All of these verifications are done without decapsulating the various layers of the OSI model (IP, TCP and HTTP), thereby making it possible to obtain reduced processing times, and therefore to be able to analyze a data flow having a very significant throughput.
The software 210 also includes a module 216 for extracting data contained in an HTTP packet. The module 216 generates data as output, and adds associated metadata. All of this data is called D.

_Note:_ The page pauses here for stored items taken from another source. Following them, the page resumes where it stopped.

(* Let $\mathcal{F}$ be a finite family of convex bodies in $\mathbb{R}^d$, let $p\in\mathbb{R}^d$ and let $k$ be a natural number with $k\le d+1$ and $k\le|\mathcal{F}|$. Assume that every point of $\mathbb{R}^d$ is at positive distance from at least one element of $\mathcal{F}$. Let $\mathcal{F}^*\subseteq\mathcal{F}$ be a subfamily of size $k$ such that the distance from $p$ to $\bigcap_{K\in\mathcal{F}^*}K$ is maximal among all subfamilies of $\mathcal{F}$ of size $k$. If $\bigcap_{K\in\mathcal{F}^*}K\neq\emptyset$, then the point $q$ of $\bigcap_{K\in\mathcal{F}^*}K$ closest to $p$ lies in $\bigcap_{K\in\mathcal{F}^*}\partial K$.
   Context: A convex body is a compact convex set with nonempty interior; $\partial K$ denotes the boundary of $K$; distances are Euclidean, with the distance to the empty set taken to be $\infty$. *)

theory Defs
  imports "HOL-Analysis.Analysis" "HOL-Library.Extended_Real"
begin

definition convex_body :: "'a::euclidean_space set \<Rightarrow> bool" where
  "convex_body K \<longleftrightarrow> compact K \<and> convex K \<and> interior K \<noteq> {}"

definition setdist_pt :: "'a::euclidean_space \<Rightarrow> 'a set \<Rightarrow> ereal" where
  "setdist_pt p S = (if S = {} then \<infinity> else ereal (infdist p S))"

end

theory Submission
  imports Defs
begin

text \<open>
  Let \<open>q\<close> be the point of \<open>C = \<Inter>\<F>\<^sup>*\<close> closest to \<open>p\<close> and suppose \<open>q\<close> lies in the
  interior of some \<open>K\<^sub>0 \<in> \<F>\<^sup>*\<close>. Then \<open>q\<close> is a local, hence by convexity a global,
  minimiser of the distance to \<open>p\<close> on \<open>C' = \<Inter>(\<F>\<^sup>* - {K\<^sub>0})\<close>. Exchanging \<open>K\<^sub>0\<close> for any
  \<open>K \<in> \<F>\<close> gives a \<open>k\<close>-subfamily with intersection \<open>C' \<inter> K\<close>; by maximality of \<open>\<F>\<^sup>*\<close> it is
  no farther from \<open>p\<close> than \<open>C'\<close>, so by uniqueness of closest points on \<open>C'\<close> it contains
  \<open>q\<close>. Thus \<open>q\<close> lies in every member of \<open>\<F>\<close>, which the covering hypothesis forbids.
\<close>

lemma convex_on_local_min_imp_global_min:
  fixes f :: "'a::real_normed_vector \<Rightarrow> real"
  assumes f: "convex_on C f" and x: "x \<in> C" and U: "open U" "x \<in> U"
    and local_min: "\<forall>z\<in>C \<inter> U. f x \<le> f z"
  shows "\<forall>y\<in>C. f x \<le> f y"
proof (rule ccontr)
  assume "\<not> ?thesis"
  then obtain y where y: "y \<in> C" "f y < f x" by auto
  then have "0 < dist x y" by auto
  obtain e where e: "e > 0" "ball x e \<subseteq> U" using U open_contains_ball by blast
  obtain u where u: "0 < u" "u \<le> 1" "u < e / dist x y"
    using field_lbound_gt_zero[of 1 "e / dist x y"] \<open>0 < dist x y\<close> e(1) by auto
  define z where "z = (1 - u) *\<^sub>R x + u *\<^sub>R y"
  have "dist x z = u * dist x y"
    by (simp add: z_def dist_norm algebra_simps flip: scaleR_diff_right) (use u in simp)
  also have "\<dots> < e" using u \<open>0 < dist x y\<close> by (simp add: pos_less_divide_eq mult.commute)
  finally have "z \<in> C \<inter> U"
    using e convexD_alt[OF convex_on_imp_convex[OF f] x y(1)] u unfolding z_def by auto
  then have "f x \<le> f z" using local_min by blast
  also have "f z \<le> (1 - u) * f x + u * f y"
    using convex_onD[OF f, of u x y] u x y(1) unfolding z_def by auto
  also have "\<dots> < f x"
    using mult_strict_left_mono[OF y(2) u(1)] by (simp add: algebra_simps)
  finally show False by simp
qed

lemma closest_point_Int_eq_if_in_interior:
  fixes p :: "'a::euclidean_space"
  assumes C: "convex C" "closed C" and K: "closed K" and "C \<inter> K \<noteq> {}"
    and q: "closest_point (C \<inter> K) p \<in> interior K"
  shows "closest_point (C \<inter> K) p = closest_point C p"
proof (rule closest_point_unique[OF C])
  let ?q = "closest_point (C \<inter> K) p"
  show q_in_C: "?q \<in> C"
    using closest_point_in_set[OF closed_Int[OF C(2) K] \<open>C \<inter> K \<noteq> {}\<close>] by blast
  have "\<forall>z\<in>C \<inter> interior K. dist p ?q \<le> dist p z"
    using closest_point_le[OF closed_Int[OF C(2) K]] interior_subset by blast
  then show "\<forall>z\<in>C. dist p ?q \<le> dist p z"
    using convex_on_local_min_imp_global_min[OF convex_on_dist[OF C(1)] q_in_C open_interior q]
    by blast
qed

lemma setdist_pt_closest_point:
  fixes p :: "'a::euclidean_space"
  assumes "closed S" "S \<noteq> {}"
  shows "setdist_pt p S = ereal (dist p (closest_point S p))"
  using assms by (simp add: setdist_pt_def infdist_eq_setdist setdist_closest_point)

lemma setdist_pt_mem: "x \<in> S \<Longrightarrow> setdist_pt x S = 0"
  by (auto simp: setdist_pt_def zero_ereal_def)

lemma closest_point_mem_if_setdist_pt_Int_le:
  fixes p :: "'a::euclidean_space"
  assumes C: "convex C" "closed C" "C \<noteq> {}" and K: "closed K"
    and le: "setdist_pt p (C \<inter> K) \<le> setdist_pt p C"
  shows "closest_point C p \<in> K"
proof -
  have "C \<inter> K \<noteq> {}" using le C unfolding setdist_pt_def by auto
  define z where "z = closest_point (C \<inter> K) p"
  have z: "z \<in> C \<inter> K" unfolding z_def
    using closest_point_in_set \<open>C \<inter> K \<noteq> {}\<close> C(2) K by blast
  have "ereal (dist p z) \<le> ereal (dist p (closest_point C p))"
    using le setdist_pt_closest_point[OF closed_Int[OF C(2) K] \<open>C \<inter> K \<noteq> {}\<close>]
      setdist_pt_closest_point[OF C(2,3)] unfolding z_def by metis
  then have "dist p z \<le> dist p (closest_point C p)" by simp
  then have "\<forall>y\<in>C. dist p z \<le> dist p y"
    using closest_point_le[OF C(2)] order_trans by blast
  then have "z = closest_point C p" using closest_point_unique[OF C(1,2)] z by blast
  then show ?thesis using z by auto
qed

lemma closest_point_Int_mem_of_exchange:
  fixes p :: "'a::euclidean_space"
  assumes C: "convex C" "closed C" and K\<^sub>0: "closed K\<^sub>0" "C \<inter> K\<^sub>0 \<noteq> {}" and K: "closed K"
    and interior: "closest_point (C \<inter> K\<^sub>0) p \<in> interior K\<^sub>0"
    and not_closer: "setdist_pt p (C \<inter> K) \<le> setdist_pt p (C \<inter> K\<^sub>0)"
  shows "closest_point (C \<inter> K\<^sub>0) p \<in> K"
proof -
  have eq: "closest_point (C \<inter> K\<^sub>0) p = closest_point C p"
    by (rule closest_point_Int_eq_if_in_interior[OF C K\<^sub>0 interior])
  have "C \<noteq> {}" using K\<^sub>0(2) by blast
  have "setdist_pt p (C \<inter> K\<^sub>0) = setdist_pt p C"
    using setdist_pt_closest_point[OF closed_Int[OF C(2) K\<^sub>0(1)] K\<^sub>0(2)]
      setdist_pt_closest_point[OF C(2) \<open>C \<noteq> {}\<close>] eq by simp
  then show ?thesis
    unfolding eq using closest_point_mem_if_setdist_pt_Int_le[OF C \<open>C \<noteq> {}\<close> K] not_closer by simp
qed

lemma card_exchange:
  assumes "finite A" "a \<in> A" "b \<notin> A - {a}"
  shows "card (insert b (A - {a})) = card A"
proof -
  have "card A > 0" using assms(1,2) card_gt_0_iff by blast
  then show ?thesis using assms by simp
qed

theorem proposition13p1:
  fixes \<F> :: "'a::euclidean_space set set" and p :: 'a and k :: nat and \<F>s :: "'a set set"
  assumes "finite \<F>"
    and "\<forall>K\<in>\<F>. convex_body K"
    and "k \<le> DIM('a) + 1" and "k \<le> card \<F>"
    and "\<forall>x::'a. \<exists>K\<in>\<F>. setdist_pt x K > 0"
    and "\<F>s \<subseteq> \<F>" and "card \<F>s = k"
    and "\<forall>\<G>. \<G> \<subseteq> \<F> \<and> card \<G> = k \<longrightarrow> setdist_pt p (\<Inter>\<G>) \<le> setdist_pt p (\<Inter>\<F>s)"
    and "\<Inter>\<F>s \<noteq> {}"
  shows "closest_point (\<Inter>\<F>s) p \<in> (\<Inter>K\<in>\<F>s. frontier K)"
proof (rule ccontr)
  assume "\<not> ?thesis"
  then obtain K\<^sub>0 where K\<^sub>0: "K\<^sub>0 \<in> \<F>s" "closest_point (\<Inter>\<F>s) p \<notin> frontier K\<^sub>0" by blast
  have closed: "closed K" and convex: "convex K" if "K \<in> \<F>" for K
    using assms(2) that by (auto simp: convex_body_def compact_imp_closed)
  have "K\<^sub>0 \<in> \<F>" "closed (\<Inter>\<F>s)" using K\<^sub>0(1) assms(6) closed by auto
  define C' where "C' = \<Inter>(\<F>s - {K\<^sub>0})"
  have "closed C'" "convex C'"
    using closed convex assms(6) unfolding C'_def by (auto intro!: convex_Inter)
  have C'_Int: "\<Inter>\<F>s = C' \<inter> K\<^sub>0" using K\<^sub>0(1) unfolding C'_def by auto
  define q where "q = closest_point (\<Inter>\<F>s) p"
  have "q \<in> \<Inter>\<F>s" unfolding q_def by (rule closest_point_in_set[OF \<open>closed (\<Inter>\<F>s)\<close> assms(9)])
  then have "q \<in> interior K\<^sub>0"
    using K\<^sub>0 closed[OF \<open>K\<^sub>0 \<in> \<F>\<close>] unfolding q_def frontier_def by auto
  have q_in_all: "q \<in> K" if K: "K \<in> \<F>" for K
  proof (cases "K \<in> \<F>s - {K\<^sub>0}")
    case True
    then show ?thesis using \<open>q \<in> \<Inter>\<F>s\<close> by blast
  next
    case False
    let ?\<G> = "insert K (\<F>s - {K\<^sub>0})"
    have "finite \<F>s" using assms(6,1) by (rule finite_subset)
    then have "card ?\<G> = k" using card_exchange[OF _ K\<^sub>0(1) False] assms(7) by simp
    moreover have "?\<G> \<subseteq> \<F>" using K assms(6) by blast
    ultimately have "setdist_pt p (\<Inter>?\<G>) \<le> setdist_pt p (\<Inter>\<F>s)" using assms(8) by blast
    moreover have "\<Inter>?\<G> = C' \<inter> K" unfolding C'_def by blast
    ultimately show ?thesis
      using closest_point_Int_mem_of_exchange[OF \<open>convex C'\<close> \<open>closed C'\<close> closed[OF \<open>K\<^sub>0 \<in> \<F>\<close>]
          _ closed[OF K]] \<open>q \<in> interior K\<^sub>0\<close> assms(9)
      unfolding q_def C'_Int by simp
  qed
  obtain K where "K \<in> \<F>" "setdist_pt q K > 0" using assms(5) by blast
  then show False using setdist_pt_mem[OF q_in_all] by simp
qed

end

The processing software 210 includes a module 218 for selecting the storage server from amongst the different servers making up the storage stage 154. The module 218 includes an occupancy table 219 providing the address for the different storage servers 300, 302, 304, as well as their respective instantaneous occupancy statuses from among the “free” and “occupied” statuses.
Lastly, the processing software 210 includes an encoding and transmission module 220 capable of taking, as input, the address of the server chosen by the module 218, the port used, and the data produced by the module 216, then communicating that data D to the selected storage server. That data may be encrypted, for example using the AES 256 encryption code known by those skilled in the art.
Storage software 310 is run on each of the storage servers 300, 302, 304.
The storage software 310 is capable of reading a configuration file 311 containing various parameters necessary for its operation.
The software 310 includes an acquisition module 312 capable of listening to a predefined port of the storage server and acquiring the entering data D.
The software 310 includes a decoding module 314 capable of extracting the data.
The software 310 includes a module 316 capable of decoding the metadata to the data D and storing all of that data in a file F. The latter is placed in a particular directory of an archiving structure including a plurality of directories.
Lastly, the software 310 includes a storage module 318 capable of monitoring the filling level of each of the directories of the archiving structure, comparing that level with a threshold value, and storing the contents of a directory in a particular table of the database associated with the storage server.
Retrieval software 410 can be run by the retrieval server 400.
The software 410 includes a man/machine interface 412 making it possible to develop complex query requests for the database 301, 303, 305.
The software 410 includes a module 414 for querying the database. It is capable of interpreting a complex request in a plurality of requests according to the query language used by the database. The module 414 can send a query request to the database 301, 303, 305, and receive the corresponding responses. It is capable of aggregating those responses before sending them to the interface module 412.
The analysis method will now be described in reference to FIGS. 3 and 4, FIG. 5 recalling the binary structure of a frame.
The server 20 hosts a website on which users exchange data (such as written messages, photos, videos, binary files), placed on the site and viewable through a suitable webpage.
The LAA wishing to monitor that website implements a method to acquire information on the users of that website.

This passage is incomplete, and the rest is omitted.